The cable TV juggernaut threatens the future of the Internet
In the late 90s I worked for a company in Mountain View that provided turnkey Internet services for cable operators. You might remember @home. I worked for a competitor.
Then, I think it was 2001, I championed and managed a fiber to the home project for the City of Palo Alto. They owned their utilities, so it seemed like a no-brainer in the tech savy Silicon Valley. 60 homes were wired up at a cost of about $2000 each, including a $1200 termination box in the home. People were lined up to get the service. All you can eat 1 gigabit up and down. The developers in town were all over it. Yet, after a couple of years, the city shut the project down. We learned just what Google has re-learned at much higher cost.

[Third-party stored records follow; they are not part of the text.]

lemma no_independent_triple: "\<not> independent_triple V E a b c"
proof
  assume abc: "independent_triple V E a b c"
  then have V: "a \<in> V" "b \<in> V" "c \<in> V" and "\<not> E a b" "a \<noteq> b"
    unfolding independent_triple_def by blast+
  then have "path_dist a b \<noteq> 0" "path_dist a b \<noteq> 1"
    using path_dist_eq_0 path_dist_eq_1 by blast+
  then consider "path_dist a b = 2" | "path_dist a b = 3"
    using path_dist_le_3[OF V(1,2)] by linarith
  then show False
  proof cases
    case 1
    then obtain w where "E a w" "w \<in> V" "path_dist w b = 1"
      using path_dist_step[OF V(1,2), of 1] by auto
    then have "E w a" "E w b" using path_dist_eq_1 V adj_commute by metis+
    then show False using independent_triple_no_common_neighbour[OF abc] by blast
  next
    case 2
    then obtain w1 where w1: "E a w1" "w1 \<in> V" "path_dist w1 b = 2"
      using path_dist_step[OF V(1,2), of 2] by auto
    then obtain w2 where w2: "E w1 w2" "w2 \<in> V" "path_dist w2 b = 1"
      using path_dist_step[OF w1(2) V(2), of 1] by auto
    have "E w2 b" using path_dist_eq_1[OF w2(2) V(2) w2(3)] .
    show False
    proof (cases "E w2 c")
      case True
      have "independent_triple V E b c a" using abc adj_commute unfolding independent_triple_def by auto
      then show False using independent_triple_no_common_neighbour \<open>E w2 b\<close> True by blast
    next
      case False
      have "\<not> E a w2" "a \<noteq> w2" using path_dist_far[OF V(2)] 2 w2 by auto
      moreover have "w2 \<noteq> c" using \<open>E w2 b\<close> abc adj_commute unfolding independent_triple_def by metis
      ultimately have "independent_triple V E a w2 c"
        using abc w2 False adj_commute unfolding independent_triple_def by auto
      then show False
        using independent_triple_no_common_neighbour w1 w2(1) adj_commute by metis
    qed
  qed
qed

lemma non_neighbours_adjacent:
  assumes "p \<in> V" "y \<in> V" "y' \<in> V" "y \<noteq> p" "y' \<noteq> p" "\<not> E p y" "\<not> E p y'" "y \<noteq> y'"
  shows "E y y'"
  using no_independent_triple[of p y y'] assms unfolding independent_triple_def by blast

lemma neighbours_of_max_non_degree_adjacent:
  assumes p: "p \<in> V" and max: "\<And>u. u \<in> V \<Longrightarrow> non_degree u \<le> non_degree p"
    and "E p a" "E p b" "a \<noteq> b"
  shows "E a b"
proof (rule ccontr)
  assume "\<not> E a b"
  define Y where "Y = {w \<in> V. w \<noteq> p \<and> \<not> E p w}"
  have "finite Y" using finite_V unfolding Y_def by simp
  have one_side: False
    if ab: "E p a" "E p b" "\<not> E a b" "a \<noteq> b" and all_a: "\<forall>y\<in>Y. E y a" for a b
  proof -
    have V: "a \<in> V" "b \<in> V" "a \<notin> Y" using ab adj_in_V unfolding Y_def by auto
    have "\<not> E b y" if "y \<in> Y" for y
    proof
      assume "E b y"
      then have "induced_C4 V E p a y b"
        using that all_a ab V p adj_commute unfolding Y_def induced_C4_def by auto
      then show False using no_C4 by blast
    qed
    then have "insert a Y \<subseteq> {w \<in> V. w \<noteq> b \<and> \<not> E b w}"
      using V ab adj_commute unfolding Y_def by auto
    then have "card (insert a Y) \<le> non_degree b"
      unfolding non_degree_def using finite_V by (intro card_mono) auto
    moreover have "non_degree p = card Y" unfolding non_degree_def Y_def by simp
    ultimately show False using max[OF V(2)] V(3) \<open>finite Y\<close> by simp
  qed
  have "(\<forall>y\<in>Y. E y a) \<or> (\<forall>y\<in>Y. E y b)"
  proof (rule ccontr)
    assume "\<not> ?thesis"
    then obtain y1 y2 where y: "y1 \<in> Y" "\<not> E y1 a" "y2 \<in> Y" "\<not> E y2 b" by blast
    have V: "a \<in> V" "b \<in> V" "a \<notin> Y" "b \<notin> Y" using assms adj_in_V unfolding Y_def by auto
    have "E y1 b" "E y2 a"
      using y no_independent_triple[of y1 a b] no_independent_triple[of y2 a b] V \<open>\<not> E a b\<close>
        \<open>a \<noteq> b\<close> unfolding independent_triple_def by (auto simp: adj_commute Y_def)
    moreover have "E y2 y1" "y1 \<noteq> y2"
      using y non_neighbours_adjacent[OF p] calculation unfolding Y_def by blast+
    ultimately have "induced_C5 V E p a y2 y1 b"
      using y p V assms(3-5) \<open>\<not> E a b\<close> adj_commute unfolding Y_def induced_C5_def by auto
    then show False using no_C5 by blast
  qed
  then show False
    using one_side[of a b] one_side[of b a] assms(3-5) \<open>\<not> E a b\<close> adj_commute by blast
qed

lemma two_clique_partition:
  assumes twin_free: "\<not> has_true_twins V E" and "card V \<ge> 2"
  obtains X Y p where "V = X \<union> Y" "X \<inter> Y = {}" "Y \<noteq> {}" "p \<in> X" "\<And>y. y \<in> Y \<Longrightarrow> \<not> E p y"
    "\<And>x x'. x \<in> X \<Longrightarrow> x' \<in> X \<Longrightarrow> x \<noteq> x' \<Longrightarrow> E x x'"
    "\<And>y y'. y \<in> Y \<Longrightarrow> y' \<in> Y \<Longrightarrow> y \<noteq> y' \<Longrightarrow> E y y'"
proof -
  have "V \<noteq> {}" using assms(2) by auto
  then have "Max (non_degree ` V) \<in> non_degree ` V" using finite_V by (intro Max_in) auto
  then obtain p where p: "p \<in> V" "non_degree p = Max (non_degree ` V)" by auto
  then have max: "\<And>u. u \<in> V \<Longrightarrow> non_degree u \<le> non_degree p"
    using finite_V by simp
  define Y where "Y = {w \<in> V. w \<noteq> p \<and> \<not> E p w}"
  have "Y \<noteq> {}"
  proof
    assume "Y = {}"
    then have "non_degree p = 0" unfolding non_degree_def Y_def by (simp only: card.empty)
    then have "non_degree u = 0" if "u \<in> V" for u using max[OF that] by simp
    then have "E u w" if "u \<in> V" "w \<in> V" "u \<noteq> w" for u w
      using that finite_V unfolding non_degree_def by fastforce
    then show False
      using twin_free twin_if_all_adjacent two_vertices[OF assms(2)] by blast
  qed
  show ?thesis
  proof (rule that[of "V - Y" Y p])
    show "E x x'" if "x \<in> V - Y" "x' \<in> V - Y" "x \<noteq> x'" for x x'
      using that neighbours_of_max_non_degree_adjacent[OF p(1) max] adj_commute unfolding Y_def by blast
    show "E y y'" if "y \<in> Y" "y' \<in> Y" "y \<noteq> y'" for y y'
      using that non_neighbours_adjacent[OF p(1)] unfolding Y_def by blast
  qed (use p \<open>Y \<noteq> {}\<close> in \<open>auto simp: Y_def\<close>)
qed

end

section \<open>Rafts\<close>

definition isomorphic_to_raft :: "'a set \<Rightarrow> ('a \<Rightarrow> 'a \<Rightarrow> bool) \<Rightarrow> bool" where
  "isomorphic_to_raft V E \<longleftrightarrow>
     (\<exists>n\<ge>1. graph_iso V E (raft_V n) (raft_E n)) \<or> (\<exists>n. graph_iso V E (raftK1_V n) (raftK1_E n))"

lemma graph_iso_by_card:
  assumes "inj_on \<phi> V" "\<phi> ` V \<subseteq> W" "finite W" "card W \<le> card V"
    and "\<And>u v. u \<in> V \<Longrightarrow> v \<in> V \<Longrightarrow> E u v \<longleftrightarrow> F (\<phi> u) (\<phi> v)"
  shows "graph_iso V E W F"
proof -
  have "card (\<phi> ` V) \<le> card W" using assms(3,2) by (rule card_mono)
  then have "card (\<phi> ` V) = card W" using assms(4) card_image[OF assms(1)] by linarith
  then have "\<phi> ` V = W" using assms(2,3) by (intro card_subset_eq)
  then show ?thesis unfolding graph_iso_def bij_betw_def using assms(1,5) by blast
qed

lemma graph_iso_trans:
  assumes "graph_iso V1 E1 V2 E2" "graph_iso V2 E2 V3 E3"
  shows "graph_iso V1 E1 V3 E3"
proof -
  obtain f g where f: "bij_betw f V1 V2" "\<forall>u\<in>V1. \<forall>v\<in>V1. E1 u v \<longleftrightarrow> E2 (f u) (f v)"
    and g: "bij_betw g V2 V3" "\<forall>u\<in>V2. \<forall>v\<in>V2. E2 u v \<longleftrightarrow> E3 (g u) (g v)"
    using assms unfolding graph_iso_def by blast
  have "bij_betw (g \<circ> f) V1 V3" using f(1) g(1) by (rule bij_betw_trans)
  moreover have "E1 u v \<longleftrightarrow> E3 ((g \<circ> f) u) ((g \<circ> f) v)" if "u \<in> V1" "v \<in> V1" for u v
    using f g that bij_betwE[OF f(1)] by simp
  ultimately show ?thesis unfolding graph_iso_def by blast
qed

lemma card_raft_V: "card (raft_V n) = 2 * (n + 1)"
  unfolding raft_V_def by (simp add: card_cartesian_product)

lemma finite_raft_V: "finite (raft_V n)"
  unfolding raft_V_def by simp

lemma card_raftK1_V: "card (raftK1_V n) = 2 * (n + 1) + 1"
  unfolding raftK1_V_def by (simp add: card_image card_raft_V finite_raft_V)

lemma raftK1_0_iso_P3: "graph_iso (raftK1_V 0) (raftK1_E 0) P3_V P3_E"
proof -
  have V: "raftK1_V 0 = {None, Some (False, 0), Some (True, 0)}"
    unfolding raftK1_V_def raft_V_def by auto
  define \<phi> :: "(bool \<times> nat) option \<Rightarrow> nat" where
    "\<phi> q = (if q = None then 1 else if q = Some (False, 0) then 0 else 2)" for q
  show ?thesis
  proof (rule graph_iso_by_card[of \<phi>])
    show "inj_on \<phi> (raftK1_V 0)" "\<phi> ` raftK1_V 0 \<subseteq> P3_V" "card P3_V \<le> card (raftK1_V 0)"
      unfolding V P3_V_def \<phi>_def by auto
    show "raftK1_E 0 u v \<longleftrightarrow> P3_E (\<phi> u) (\<phi> v)" if "u \<in> raftK1_V 0" "v \<in> raftK1_V 0" for u v
      using that unfolding V by (auto simp: \<phi>_def raftK1_E_def raft_E_def P3_E_iff V raft_V_def)
  qed (simp add: P3_V_def)
qed

text \<open>If some \<open>y\<close> has rank \<open>s\<close> this is the raft \<open>R (s - 1)\<close>; otherwise the vertex of rank
  \<open>s - 1\<close> in \<open>X\<close> is universal and the rest is \<open>R (s - 2)\<close>.\<close>

locale ranked_cobipartite =
  fixes V :: "'v set" and E :: "'v \<Rightarrow> 'v \<Rightarrow> bool" and X Y :: "'v set"
    and i k :: "'v \<Rightarrow> nat" and s :: nat
  assumes graph: "graph V E" and partition: "V = X \<union> Y" "X \<inter> Y = {}"
    and clique_X: "\<And>x x'. x \<in> X \<Longrightarrow> x' \<in> X \<Longrightarrow> x \<noteq> x' \<Longrightarrow> E x x'"
    and clique_Y: "\<And>y y'. y \<in> Y \<Longrightarrow> y' \<in> Y \<Longrightarrow> y \<noteq> y' \<Longrightarrow> E y y'"
    and rank_X: "bij_betw i X {..<s}"
    and inj_k: "inj_on k Y" and k_range: "k ` Y \<subseteq> {1..s}" "{1..<s} \<subseteq> k ` Y"
    and cross_adj: "\<And>x y. x \<in> X \<Longrightarrow> y \<in> Y \<Longrightarrow> E x y \<longleftrightarrow> k y \<le> i x"
    and s_ge_2: "s \<ge> 2"
begin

- I would love to have gigE to my home. What geek wouldn’t? But for the average household, there is little need. You can stream Netflix with only a few megs. Unless you are downloading movies 24/7 — and I am sure you pay for every one. Your neighbors are the ones doing all that bit torrent stuff, right?
- Unless there is programming support, providing more bandwidth is a perverse incentive for Internet providers. If increased bandwidth equals more usage, that means more backhaul and network costs, all for the same lousy monthly rate. Netflix pays cable operators to carry their programming and you pay Netflix. If the operators can get more money by increasing your bandwidth so you will watch more Netflix and they profit, they will. Meanwhile, just providing raw Internet access is a losing business.
- The cable operators have plenty of bandwidth. All modern systems have fiber to the node, which is then split up among all the customers attached to that node, both TV and Internet. They decide on how much to allocate to the Internet based on how much they can get for advertising on their cheezy TV channels vs how much you (and Netflix) are willing to pay for Internet. If those TV channels suddenly converted to on demand Internet, the cable operators would open the Internet pipes instantly. Which leads to the conundrum.
- The cable operators are only going to open up their Internet spigots when it is in their financial interest to do so. Net neutrality, as laudable as it is, provides a disincentive to operators to increase bandwidth. If the operators were able to monitize their bandwidth by creating “fast lanes” for commercial content, you would see an instant revolution in the industry. It is my opinion, and only mine, that cable operators deliberately under provision their systems to create irritating “buffering” during the most desirable shows as a way of lobbying for the end of net neutrality.
- Finally, it is my view that the entire system of Internet access is set up wrong. Common carrier network operators should never have a stake in programming. This is a historical artifact of the origin of the cable business and it is threatening the future of the Internet itself. I think the folks at Google discovered just what we did back in 2001. With its grip on programming, the cable operators are a massive juggernaut which is not in the least concerned with what we consider “Internet values.” When I joined the cable modem company in 1998, all the employees were Internet people. Within six months of getting our major funding, every one of the Internet people was replaced by someone from the cable industry. The chief engineer and I were the only survivors. I can only wish the Google folks the best of luck.